Once the service is created, it should appears as this:
$ kubectl get svc
NAME TYPE CLUSTER-IP EXTERNAL-IP PORT(S) AGE
inference LoadBalancer 10.32.1.166 8d0a8f33-e9f9-434a-b3de-9ae58ac9de76-skg00000.cloud.provider.tld 80:31466/TCP 3m
You can access the pod from public internet:
$ curl -k https://8d0a8f33-e9f9-434a-b3de-9ae58ac9de76-skg00000.cloud.provider.tld
It works!
If you want do that, make sure you have your authentication in place!
The K8sGPU is a work-in-progress solution. As with many new technologies, it can be improved over time. Currently, the following limitations apply:
- Pods cannot mount local storage
- Pods cannot access other local services running in your cluster
- Pods cannot be exposed on the local cluster
- Pods cannot violate the Pod Security Standard Baseline profile.
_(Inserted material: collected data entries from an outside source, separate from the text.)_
lemma pattern_matrices_mult:
  assumes "X \<in> pattern_matrices P" "Y \<in> pattern_matrices Q"
  shows "X ** Y \<in> pattern_matrices (P O Q)"
  unfolding pattern_matrices_def
proof (intro CollectI allI impI)
  fix a b assume ab: "(a, b) \<notin> P O Q"
  have "\<forall>k\<in>UNIV. X $ a $ k * Y $ k $ b = 0"
  proof
    fix k
    show "X $ a $ k * Y $ k $ b = 0"
    proof (cases "(a, k) \<in> P")
      case True
      then have "(k, b) \<notin> Q" using ab by blast
      then show ?thesis using assms(2) unfolding pattern_matrices_def by simp
    next
      case False
      then show ?thesis using assms(1) unfolding pattern_matrices_def by simp
    qed
  qed
  from sum.neutral[OF this] show "(X ** Y) $ a $ b = 0" by (simp add: matrix_matrix_mult_def)
qed

lemma pattern_matrices_eq_span:
  "pattern_matrices (P :: ('n::finite \<times> 'n) set) = span ((\<lambda>(a, b). matrix_unit a b) ` P)"
proof
  let ?E = "(\<lambda>(a, b). matrix_unit a b) ` P"
  show "span ?E \<subseteq> pattern_matrices P"
    using matrix_unit_in_pattern_matrices subspace_pattern_matrices
    by (intro span_minimal) auto
  show "pattern_matrices P \<subseteq> span ?E"
  proof
    fix X :: "real^'n^'n" assume X: "X \<in> pattern_matrices P"
    have EB: "?E \<subseteq> Basis" unfolding Basis_vec_def matrix_unit_def by auto
    have "inner X u = 0" if "u \<in> Basis - ?E" for u
    proof -
      from that obtain a b where u: "u = matrix_unit a b"
        unfolding Basis_vec_def matrix_unit_def by auto
      with that have "(a, b) \<notin> P" by auto
      with u
      show ?thesis using X by (simp add: matrix_unit_def inner_axis pattern_matrices_def)
    qed
    then have "(\<Sum>u\<in>Basis. inner X u *\<^sub>R u) = (\<Sum>u\<in>?E. inner X u *\<^sub>R u)"
      using EB by (intro sum.mono_neutral_right) auto
    then have "X = (\<Sum>u\<in>?E. inner X u *\<^sub>R u)"
      by (simp add: euclidean_representation)
    also have "\<dots> \<in> span ?E" by (intro span_sum span_scale span_base)
    finally show "X \<in> span ?E" .
  qed
qed

lemma dim_pattern_matrices: "dim (pattern_matrices (P :: ('n::finite \<times> 'n) set)) = card P"
proof -
  let ?E = "(\<lambda>(a, b). matrix_unit a b) ` P"
  have "?E \<subseteq> Basis" unfolding Basis_vec_def matrix_unit_def by auto
  then have "independent ?E" using independent_Basis independent_mono by blast
  moreover have "inj_on (\<lambda>(a, b). matrix_unit a b) P"
    by (auto simp: inj_on_def matrix_unit_def axis_eq_axis)
  ultimately show ?thesis
    unfolding pattern_matrices_eq_span dim_span by (simp add: dim_eq_card_independent card_image)
qed

section \<open>Unipotent pattern groups\<close>

locale pattern_group =
  fixes P :: "('n::finite \<times> 'n) set"
  assumes relcomp_subset: "P O P \<subseteq> P"
    and relcomp3_empty: "P O P O P = {}"
begin

definition grp :: "(real^'n^'n) set" where
  "grp = {Y. Y - mat 1 \<in> pattern_matrices P}"

lemma relcomp_subset_pattern_matrices: "pattern_matrices (P O P) \<subseteq> pattern_matrices P"
  by (rule pattern_matrices_mono[OF relcomp_subset])

lemma pattern_matrices_mult_closed:
  "X \<in> pattern_matrices P \<Longrightarrow> Y \<in> pattern_matrices P \<Longrightarrow> X ** Y \<in> pattern_matrices P"
  using pattern_matrices_mult relcomp_subset_pattern_matrices by blast

lemma cube_eq_0: "X \<in> pattern_matrices P \<Longrightarrow> X ** X ** X = 0"
  using pattern_matrices_mult[OF pattern_matrices_mult] relcomp3_empty pattern_matrices_empty
  by (metis O_assoc singletonD)

lemma one_in_grp: "mat 1 \<in> grp"
  unfolding grp_def pattern_matrices_def by simp

lemma grp_mult_closed:
  assumes "y \<in> grp" "z \<in> grp" shows "y ** z \<in> grp"
proof -
  define X Z where "X = y - mat 1" and "Z = z - mat 1"
  have X: "X \<in> pattern_matrices P" and Z: "Z \<in> pattern_matrices P"
    using assms by (auto simp: grp_def X_def Z_def)
  have "y ** z - mat 1 = X + Z + X ** Z"
    by (simp add: X_def Z_def matrix_add_ldistrib matrix_diff_rdistrib matrix_diff_ldistrib)
  then show ?thesis unfolding grp_def
    by (simp add: X Z pattern_matrices_mult_closed pattern_matrices_add)
qed

text \<open>The inverse of 1 + X is 1 - X + X ** X, because X ** X ** X = 0.\<close>
lemma grp_inverse:
  assumes "y \<in> grp"
  obtains z where "z \<in> grp" "z ** y = mat 1" "y ** z = mat 1"
proof -
  define X where "X = y - mat 1"
  have X: "X \<in> pattern_matrices P" using assms by (simp add: grp_def X_def)
  define z where "z = mat 1 - X + X ** X"
  have "z - mat 1 = X ** X - X" by (simp add: z_def)
  then have "z \<in> grp" unfolding grp_def
    by (simp add: X pattern_matrices_mult_closed pattern_matrices_diff)
  moreover have "z ** y = mat 1" "y ** z = mat 1"
  proof -
    have y: "y = mat 1 + X" by (simp add: X_def)
    have "X ** (X ** X) = 0" using cube_eq_0[OF X] by (simp add: matrix_mul_assoc)
    then show "z ** y = mat 1" "y ** z = mat 1"
      using cube_eq_0[OF X] unfolding y z_def
      by (simp_all add: matrix_add_ldistrib matrix_add_rdistrib matrix_diff_rdistrib
          matrix_diff_ldistrib)
  qed
  ultimately show ?thesis using that by blast
qed

lemma lie_alg_grp: "lie_alg grp = pattern_matrices P"
proof
  show "lie_alg grp \<subseteq> pattern_matrices P"
  proof
    fix X assume "X \<in> lie_alg grp"
    then obtain \<gamma> where \<gamma>: "\<forall>t. \<gamma> t \<in> grp" and "(\<gamma> has_vector_derivative X) (at 0)"
      unfolding lie_alg_def by blast
    show "X \<in> pattern_matrices P" unfolding pattern_matrices_def
    proof (intro CollectI allI impI)
      fix a b assume ab: "(a, b) \<notin> P"
      have "bounded_linear (\<lambda>Y::real^'n^'n. Y $ a $ b)"
        using bounded_linear_compose[OF bounded_linear_vec_nth bounded_linear_vec_nth] .
      from bounded_linear.has_vector_derivative[OF this \<open>(\<gamma> has_vector_derivative X) (at 0)\<close>]
      have "((\<lambda>t. \<gamma> t $ a $ b) has_vector_derivative X $ a $ b) (at 0)" .
      moreover have "(\<lambda>t. \<gamma> t $ a $ b) = (\<lambda>t. mat 1 $ a $ b)"
        using \<gamma> ab unfolding grp_def pattern_matrices_def by auto
      ultimately show "X $ a $ b = 0"
        using vector_derivative_unique_at has_vector_derivative_const by metis
    qed
  qed
  show "pattern_matrices P \<subseteq> lie_alg grp"
  proof
    fix X assume "X \<in> pattern_matrices P"
    then have "mat 1 + t *\<^sub>R X \<in> grp" for t
      unfolding grp_def by (simp add: pattern_matrices_scaleR)
    moreover have "((\<lambda>t. mat 1 + t *\<^sub>R X) has_vector_derivative X) (at 0)"
      by (auto intro!: derivative_eq_intros)
    ultimately show "X \<in> lie_alg grp"
      unfolding lie_alg_def by (intro CollectI exI[of _ "\<lambda>t. mat 1 + t *\<^sub>R X"]) simp
  qed
qed

lemma commutator_ideal_pattern_matrices:
  "commutator_ideal (pattern_matrices P) = pattern_matrices (P O P)"
proof
  show "commutator_ideal (pattern_matrices P) \<subseteq> pattern_matrices (P O P)"
    unfolding commutator_ideal_def
    by (intro span_minimal subspace_pattern_matrices)
      (auto intro: pattern_matrices_diff pattern_matrices_mult)
  have "matrix_unit a c \<in> {X ** Y - Y ** X |X Y. X \<in> pattern_matrices P \<and> Y \<in> pattern_matrices P}"
    if ac: "(a, c) \<in> P O P" for a c
  proof -
    obtain b where ab: "(a, b) \<in> P" and bc: "(b, c) \<in> P" using ac by blast
    have "c \<noteq> a" using ab bc relcomp3_empty by blast
    then have "matrix_unit a c = matrix_unit a b ** matrix_unit b c - matrix_unit b c ** matrix_unit a b"
      by (simp add: matrix_unit_mult)
    then show ?thesis using matrix_unit_in_pattern_matrices[OF ab] matrix_unit_in_pattern_matrices[OF bc]
      by blast
  qed
  then show "pattern_matrices (P O P) \<subseteq> commutator_ideal (pattern_matrices P)"
    unfolding commutator_ideal_def pattern_matrices_eq_span[of "P O P"]
    by (intro span_mono image_subsetI) (simp add: case_prod_beta)
qed

text \<open>Coordinates on the abelianisation: left multiplication by an element of grp changes only
  the entries in P O P, which abel_part forgets.\<close>
definition abel_part :: "real^'n^'n \<Rightarrow> real^'n^'n" where
  "abel_part Y = (\<chi> a b. if (a, b) \<in> P - P O P then Y $ a $ b else 0)"

lemma abel_part_in_pattern_matrices: "abel_part Y \<in> pattern_matrices P"
  unfolding abel_part_def pattern_matrices_def by auto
Pods running on the virtual node can be inspected as usual:
$ kubectl describe pod stable-diffusion-pod
Logs are also collected:
$ kubectl logs -f stable-diffusion-pod
It is possible to exec into the pod:
$ kubectl exec -it stable-diffusion-pod -- bash
If a pod is not scheduled, make sure you have set the resource requests and limits according to the assigned RuntimeClass.